BEGIN Data for review

lemma ptrace_C_msum_tensorCC:
  fixes m n :: nat
  assumes A: "\<And>d. d \<in> I \<Longrightarrow> A d \<in> carrier_mat m m" and P: "P \<in> carrier_mat n n"
  shows "ptrace_C m n (msum (m * n) (\<lambda>d. tensorCC m n (A d) P) I) = mtrace (msum m A I) \<cdot>\<^sub>m P"
proof (rule eq_matI)
  fix j j' assume "j < dim_row (mtrace (msum m A I) \<cdot>\<^sub>m P)" "j' < dim_col (mtrace (msum m A I) \<cdot>\<^sub>m P)"
  then have jj: "j < n" "j' < n" using P by auto
  have "ptrace_C m n (msum (m * n) (\<lambda>d. tensorCC m n (A d) P) I) $$ (j, j')
      = (\<Sum>i<m. \<Sum>d\<in>I. A d $$ (i, i)) * P $$ (j, j')"
    unfolding ptrace_C_def msum_def using jj by (simp add: index_lt_mult index_tensorCC sum_distrib_right)
  also have "\<dots> = (mtrace (msum m A I) \<cdot>\<^sub>m P) $$ (j, j')"
    unfolding mtrace_def msum_def using jj P by simp
  finally show "ptrace_C m n (msum (m * n) (\<lambda>d. tensorCC m n (A d) P) I) $$ (j, j')
      = (mtrace (msum m A I) \<cdot>\<^sub>m P) $$ (j, j')" .
qed (use P in \<open>auto simp: ptrace_C_def\<close>)

lemma tensorCC_smult:
  fixes m n :: nat
  assumes "S \<in> carrier_mat m m" "P \<in> carrier_mat n n"
  shows "tensorCC m n (c \<cdot>\<^sub>m S) P = tensorCC m n S (c \<cdot>\<^sub>m P)"
  by (rule mat_eq_tensor_blockI[of _ m n]) (use assms in \<open>auto simp: index_tensorCC\<close>)

definition kron_fun :: "nat \<Rightarrow> (nat \<Rightarrow> complex) \<Rightarrow> (nat \<Rightarrow> complex) \<Rightarrow> nat \<Rightarrow> complex" where
  "kron_fun n u w k = u (k div n) * w (k mod n)"

lemma qform_tensorCC:
  "qform (m * n) (tensorCC m n S T) (kron_fun n u w) = qform m S u * qform n T w"
proof -
  have "qform (m * n) (tensorCC m n S T) (kron_fun n u w) =
     (\<Sum>i<m. \<Sum>j<n. \<Sum>i'<m. \<Sum>j'<n. cnj (u i * w j) * (S $$ (i, i') * T $$ (j, j')) * (u i' * w j'))"
    unfolding sesq_def sum_lessThan_mult_nat kron_fun_def by (intro sum.cong refl) (simp add: index_tensorCC)
  also have "\<dots> = (\<Sum>i<m. \<Sum>i'<m. \<Sum>j<n. \<Sum>j'<n. cnj (u i * w j) * (S $$ (i, i') * T $$ (j, j')) * (u i' * w j'))"
    by (rule sum.cong[OF refl], rule sum.swap)
  also have "\<dots> = qform m S u * qform n T w"
    unfolding sesq_def sum_distrib_right
    unfolding sum_distrib_left
    by (intro sum.cong refl) (simp add: algebra_simps)
  finally show ?thesis .
qed

lemma sum_kron_unit_right:
  "i < m \<Longrightarrow> (\<Sum>l<m * n. X $$ (r, l) * kron_fun n (\<lambda>k. if k = i then 1 else 0) w l)
     = (\<Sum>j<n. X $$ (r, i * n + j) * w j)"
  unfolding sum_lessThan_mult_nat kron_fun_def
  by (simp add: if_distrib if_distribR sum.If_cases cong: if_cong)

lemma sum_kron_unit_left:
  "i < m \<Longrightarrow> (\<Sum>k<m * n. cnj (kron_fun n (\<lambda>k. if k = i then 1 else 0) w k) * X $$ (k, r))
     = (\<Sum>j<n. cnj (w j) * X $$ (i * n + j, r))"
  unfolding sum_lessThan_mult_nat kron_fun_def
  by (simp add: if_distrib if_distribR sum.If_cases cong: if_cong)

lemma qform_rank_one:
  assumes "P = mat n n (\<lambda>(i, j). v i * cnj (v j))"
  shows "qform n P w = cnj (\<Sum>j<n. cnj (v j) * w j) * (\<Sum>j<n. cnj (v j) * w j)"
proof -
  have "cnj (\<Sum>j<n. cnj (v j) * w j) * (\<Sum>j<n. cnj (v j) * w j) =
     (\<Sum>k<n. \<Sum>l<n. cnj (cnj (v k) * w k) * (cnj (v l) * w l))"
    by (simp add: cnj_sum sum_product)
  also have "\<dots> = qform n P w"
    unfolding sesq_def assms by (intro sum.cong refl) (simp add: algebra_simps)
  finally show ?thesis by simp
qed

lemma pure_stateE:
  assumes "pure_state n P"
  obtains v where "P = mat n n (\<lambda>(i, j). v i * cnj (v j))" "(\<Sum>j<n. cnj (v j) * v j) = 1"
proof -
  obtain u where "u \<in> carrier_vec n" "u \<bullet>c u = 1" "P = mat n n (\<lambda>(i, j). u $ i * cnj (u $ j))"
    using assms unfolding pure_state_def by blast
  then show ?thesis
    using that[of "\<lambda>j. u $ j"] by (simp add: scalar_prod_def lessThan_atLeast0 mult.commute)
qed

lemma pure_state_carrier: "pure_state n P \<Longrightarrow> P \<in> carrier_mat n n"
  unfolding pure_state_def by auto

lemma psd_tensorCC_pure_state_imp_psd:
  assumes X: "psd (m * n) (tensorCC m n T P)" and P: "pure_state n P" and T: "T \<in> carrier_mat m m"
  shows "psd m T"
proof -
  obtain v where Pv: "P = mat n n (\<lambda>(i, j). v i * cnj (v j))" and v: "(\<Sum>j<n. cnj (v j) * v j) = 1"
    using P by (rule pure_stateE)
  have "qform n P v = 1" unfolding qform_rank_one[OF Pv] v by simp
  then have "qform m T u = qform (m * n) (tensorCC m n T P) (kron_fun n u v)" for u
    by (simp add: qform_tensorCC)
  then show ?thesis using X T unfolding psd_iff_qform by simp
qed

section \<open>Operators dominated by a product with a pure state\<close>

lemma annihilator_of_orthogonal_complement:
  fixes n :: nat
  assumes v: "(\<Sum>j<n. cnj (v j) * v j) = 1"
    and f: "\<And>w. (\<Sum>j<n. cnj (v j) * w j) = 0 \<Longrightarrow> (\<Sum>j<n. f j * w j) = 0"
    and j1: "j1 < n"
  shows "f j1 = cnj (v j1) * (\<Sum>j<n. f j * v j)"
proof -
  define w where "w j = (if j = j1 then 1 else 0) - cnj (v j1) * v j" for j
  have pair_w: "(\<Sum>j<n. g j * w j) = g j1 - cnj (v j1) * (\<Sum>j<n. g j * v j)" for g
  proof -
    have "(\<Sum>j<n. g j * w j) = (\<Sum>j<n. g j * (if j = j1 then 1 else 0)) - cnj (v j1) * (\<Sum>j<n. g j * v j)"
      by (simp add: w_def right_diff_distrib sum_subtractf sum_distrib_left mult.left_commute)
    also have "(\<Sum>j<n. g j * (if j = j1 then 1 else 0)) = g j1"
      using j1 by (simp add: if_distrib sum.delta cong: if_cong)
    finally show ?thesis .
  qed
  have "(\<Sum>j<n. cnj (v j) * w j) = 0" using pair_w[of "\<lambda>j. cnj (v j)"] v by simp
  then show ?thesis using f pair_w[of f] by simp
qed

lemma psd_below_tensorCC_rank_one_kernel:
  fixes m n :: nat
  assumes X: "psd (m * n) X" and le: "psd (m * n) (tensorCC m n S P - X)"
    and P: "P = mat n n (\<lambda>(i, j). v i * cnj (v j))"
    and w: "(\<Sum>j<n. cnj (v j) * w j) = 0" and i: "i < m" and r: "r < m * n"
  shows "(\<Sum>j<n. X $$ (r, i * n + j) * w j) = 0" "(\<Sum>j<n. cnj (w j) * X $$ (i * n + j, r)) = 0"
proof -
  define z where "z = kron_fun n (\<lambda>k. if k = i then 1 else 0) w"
  have "qform (m * n) (tensorCC m n S P) z = 0"
    unfolding z_def qform_tensorCC qform_rank_one[OF P] w by simp
  then have "qform (m * n) (tensorCC m n S P - X) z = - qform (m * n) X z"
    using qform_minus[OF tensorCC_carrier psd_carrier[OF X]] by simp
  then have "qform (m * n) X z = 0"
    using psd_qformD[OF X, of z] psd_qformD[OF le, of z] by (simp add: complex_eq_iff)
  from psd_qform_zero_imp_mult_zero[OF X this r] show
    "(\<Sum>j<n. X $$ (r, i * n + j) * w j) = 0" "(\<Sum>j<n. cnj (w j) * X $$ (i * n + j, r)) = 0"
    unfolding z_def sum_kron_unit_right[OF i] sum_kron_unit_left[OF i] .
qed

lemma psd_below_tensorCC_pure_state:
  fixes m n :: nat
  assumes X: "psd (m * n) X" and le: "psd (m * n) (tensorCC m n S P - X)" and P: "pure_state n P"
  shows "X = tensorCC m n (ptrace_C' m n X) P"
proof -
  obtain v where Pv: "P = mat n n (\<lambda>(i, j). v i * cnj (v j))" and v: "(\<Sum>j<n. cnj (v j) * v j) = 1"
    using P by (rule pure_stateE)
  note kernel = psd_below_tensorCC_rank_one_kernel[OF X le Pv]
  have col: "X $$ (r, i * n + j1) = cnj (v j1) * (\<Sum>j<n. X $$ (r, i * n + j) * v j)"
    if i: "i < m" and r: "r < m * n" and j1: "j1 < n" for r i j1
    by (rule annihilator_of_orthogonal_complement[OF v kernel(1)[OF _ i r] j1])
  have row: "X $$ (i * n + j1, r) = v j1 * (\<Sum>j<n. X $$ (i * n + j, r) * cnj (v j))"
    if "i < m" "r < m * n" "j1 < n" for r i j1
  proof (rule annihilator_of_orthogonal_complement[where v="\<lambda>j. cnj (v j)", simplified])
    show "(\<Sum>j<n. v j * cnj (v j)) = 1" using v by (simp add: mult.commute)
    show "j1 < n" by fact
    fix u assume "(\<Sum>j<n. v j * u j) = 0"
    then have "cnj (\<Sum>j<n. v j * u j) = 0" by simp
    then have "(\<Sum>j<n. cnj (v j) * cnj (u j)) = 0" by simp
    from kernel(2)[OF this that(1,2)] show "(\<Sum>j<n. X $$ (i * n + j, r) * u j) = 0"
      by (simp add: mult.commute)
  qed
  define D where "D i0 i = (\<Sum>j<n. \<Sum>k<n. X $$ (i0 * n + k, i * n + j) * cnj (v k) * v j)" for i0 i
  have block: "X $$ (i0 * n + j0, i * n + j1) = v j0 * cnj (v j1) * D i0 i"
    if "i0 < m" "i < m" "j0 < n" "j1 < n" for i0 i j0 j1
  proof -
    have "X $$ (i0 * n + j0, i * n + j1) = cnj (v j1) * (\<Sum>j<n. X $$ (i0 * n + j0, i * n + j) * v j)"
      using col[OF that(2) index_lt_mult[OF that(1,3)] that(4)] .
    also have "\<dots> = cnj (v j1) * (\<Sum>j<n. v j0 * (\<Sum>k<n. X $$ (i0 * n + k, i * n + j) * cnj (v k)) * v j)"
      using row index_lt_mult that by (intro arg_cong[where f="\<lambda>x. cnj (v j1) * x"] sum.cong) auto
    also have "\<dots> = v j0 * cnj (v j1) * D i0 i"
      unfolding D_def sum_distrib_left sum_distrib_right
      by (intro sum.cong refl) (simp add: algebra_simps)
    finally show ?thesis .
  qed
  have ptrace: "ptrace_C' m n X $$ (i0, i) = D i0 i" if "i0 < m" "i < m" for i0 i
  proof -
    have "ptrace_C' m n X $$ (i0, i) = (\<Sum>j<n. v j * cnj (v j) * D i0 i)"
      unfolding ptrace_C'_def using that block by simp
    also have "\<dots> = (\<Sum>j<n. cnj (v j) * v j) * D i0 i"
      unfolding sum_distrib_right by (intro sum.cong refl) (simp add: mult_ac)
    also have "\<dots> = D i0 i" using v by simp
    finally show ?thesis .
  qed
  show ?thesis
    by (rule mat_eq_tensor_blockI[of _ m n]) (use psd_carrier[OF X] block ptrace in \<open>auto simp: index_tensorCC Pv\<close>)
qed

lemma psd_summand_of_tensorCC_pure_state:
  fixes m n :: nat
  assumes I: "finite I" "i \<in> I" and f: "\<And>j. j \<in> I \<Longrightarrow> psd (m * n) (f j)"
    and sum: "msum (m * n) f I = tensorCC m n S P" and P: "pure_state n P"
  shows "f i = tensorCC m n (ptrace_C' m n (f i)) P" "psd m (ptrace_C' m n (f i))"
proof -
  show fi: "f i = tensorCC m n (ptrace_C' m n (f i)) P"
    using psd_msum_minus_member[of I i "m * n" f, OF I f] unfolding sum by (rule psd_below_tensorCC_pure_state[OF f[OF I(2)] _ P])
  have "psd (m * n) (tensorCC m n (ptrace_C' m n (f i)) P)"
    using f[OF I(2)] by (subst (asm) fi)
  then show "psd m (ptrace_C' m n (f i))"
    by (rule psd_tensorCC_pure_state_imp_psd[OF _ P ptrace_C'_carrier])
qed

section \<open>Assemblages\<close>

lemma assemblageD:
  assumes "assemblage n s"
  shows "psd n (s a b d x y w)"
    and "msum n (\<lambda>d. s a b d x y w) UNIV = msum n (\<lambda>d. s a b d x y w') UNIV"
proof -
  have "\<forall>a b d x y w. psd n (s a b d x y w)"
    using assms unfolding assemblage_def by (elim conjE)
  then show "psd n (s a b d x y w)" by blast
  have "\<forall>a b x y w w'. msum n (\<lambda>d. s a b d x y w) UNIV = msum n (\<lambda>d. s a b d x y w') UNIV"
    using assms unfolding assemblage_def by (elim conjE)
  then show "msum n (\<lambda>d. s a b d x y w) UNIV = msum n (\<lambda>d. s a b d x y w') UNIV" by blast
qed

lemma extremal_bi_assemblage_imp_bi_assemblage:
  "extremal_bi_assemblage n s \<Longrightarrow> bi_assemblage n s"
  unfolding extremal_bi_assemblage_def by (elim conjE)

lemma bi_assemblageD:
  assumes "bi_assemblage n s"
  shows "psd n (s d w)" "mtrace (msum n (\<lambda>d. s d w) UNIV) = 1"
    "msum n (\<lambda>d. s d w) UNIV = msum n (\<lambda>d. s d w') UNIV"
  using assms unfolding bi_assemblage_def density_def by blast+

lemma bi_assemblage_rescale:
  fixes t :: "'d::finite \<Rightarrow> 'w::finite \<Rightarrow> complex mat"
  assumes t: "\<And>d w. psd n (t d w)"
    and nosig: "\<And>w w'. msum n (\<lambda>d. t d w) UNIV = msum n (\<lambda>d. t d w') UNIV"
    and tr: "\<And>w. mtrace (msum n (\<lambda>d. t d w) UNIV) = complex_of_real p" and p: "0 < p"
  shows "bi_assemblage n (\<lambda>d w. complex_of_real (1 / p) \<cdot>\<^sub>m t d w)"
proof -
  have sum: "msum n (\<lambda>d. complex_of_real (1 / p) \<cdot>\<^sub>m t d w) UNIV
      = complex_of_real (1 / p) \<cdot>\<^sub>m msum n (\<lambda>d. t d w) UNIV" for w
    by (rule msum_smult) (rule psd_carrier[OF t])
  show ?thesis unfolding bi_assemblage_def density_def sum
  proof (intro conjI allI)
    show "psd n (complex_of_real (1 / p) \<cdot>\<^sub>m t d w)" for d w
      by (rule psd_smult[OF t]) (use p in simp)
    show "psd n (complex_of_real (1 / p) \<cdot>\<^sub>m msum n (\<lambda>d. t d w) UNIV)" for w
      by (rule psd_smult[OF psd_msum[OF t]]) (use p in simp)
    show "mtrace (complex_of_real (1 / p) \<cdot>\<^sub>m msum n (\<lambda>d. t d w) UNIV) = 1" for w
      using p by (simp add: mtrace_smult[OF msum_carrier] tr)
    show "complex_of_real (1 / p) \<cdot>\<^sub>m msum n (\<lambda>d. t d w) UNIV
        = complex_of_real (1 / p) \<cdot>\<^sub>m msum n (\<lambda>d. t d w') UNIV" for w w'
      using nosig[of w w'] by simp
  qed
qed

END Data for review

- [Assignment]:
The first line of the entries above and every line after it, up to and including the line with "qed (use P in", should be set down exactly.

- [Exercise result]:
lemma ptrace_C_msum_tensorCC:
  fixes m n :: nat
  assumes A: "\<And>d. d \<in> I \<Longrightarrow> A d \<in> carrier_mat m m" and P: "P \<in> carrier_mat n n"
  shows "ptrace_C m n (msum (m * n) (\<lambda>d. tensorCC m n (A d) P) I) = mtrace (msum m A I) \<cdot>\<^sub>m P"
proof (rule eq_matI)
  fix j j' assume "j < dim_row (mtrace (msum m A I) \<cdot>\<^sub>m P)" "j' < dim_col (mtrace (msum m A I) \<cdot>\<^sub>m P)"
  then have jj: "j < n" "j' < n" using P by auto
  have "ptrace_C m n (msum (m * n) (\<lambda>d. tensorCC m n (A d) P) I) $$ (j, j')
      = (\<Sum>i<m. \<Sum>d\<in>I. A d $$ (i, i)) * P $$ (j, j')"
    unfolding ptrace_C_def msum_def using jj by (simp add: index_lt_mult index_tensorCC sum_distrib_right)
  also have "\<dots> = (mtrace (msum m A I) \<cdot>\<^sub>m P) $$ (j, j')"
    unfolding mtrace_def msum_def using jj P by simp
  finally show "ptrace_C m n (msum (m * n) (\<lambda>d. tensorCC m n (A d) P) I) $$ (j, j')
      = (mtrace (msum m A I) \<cdot>\<^sub>m P) $$ (j, j')" .
qed (use P in \<open>auto simp: ptrace_C_def\<close>)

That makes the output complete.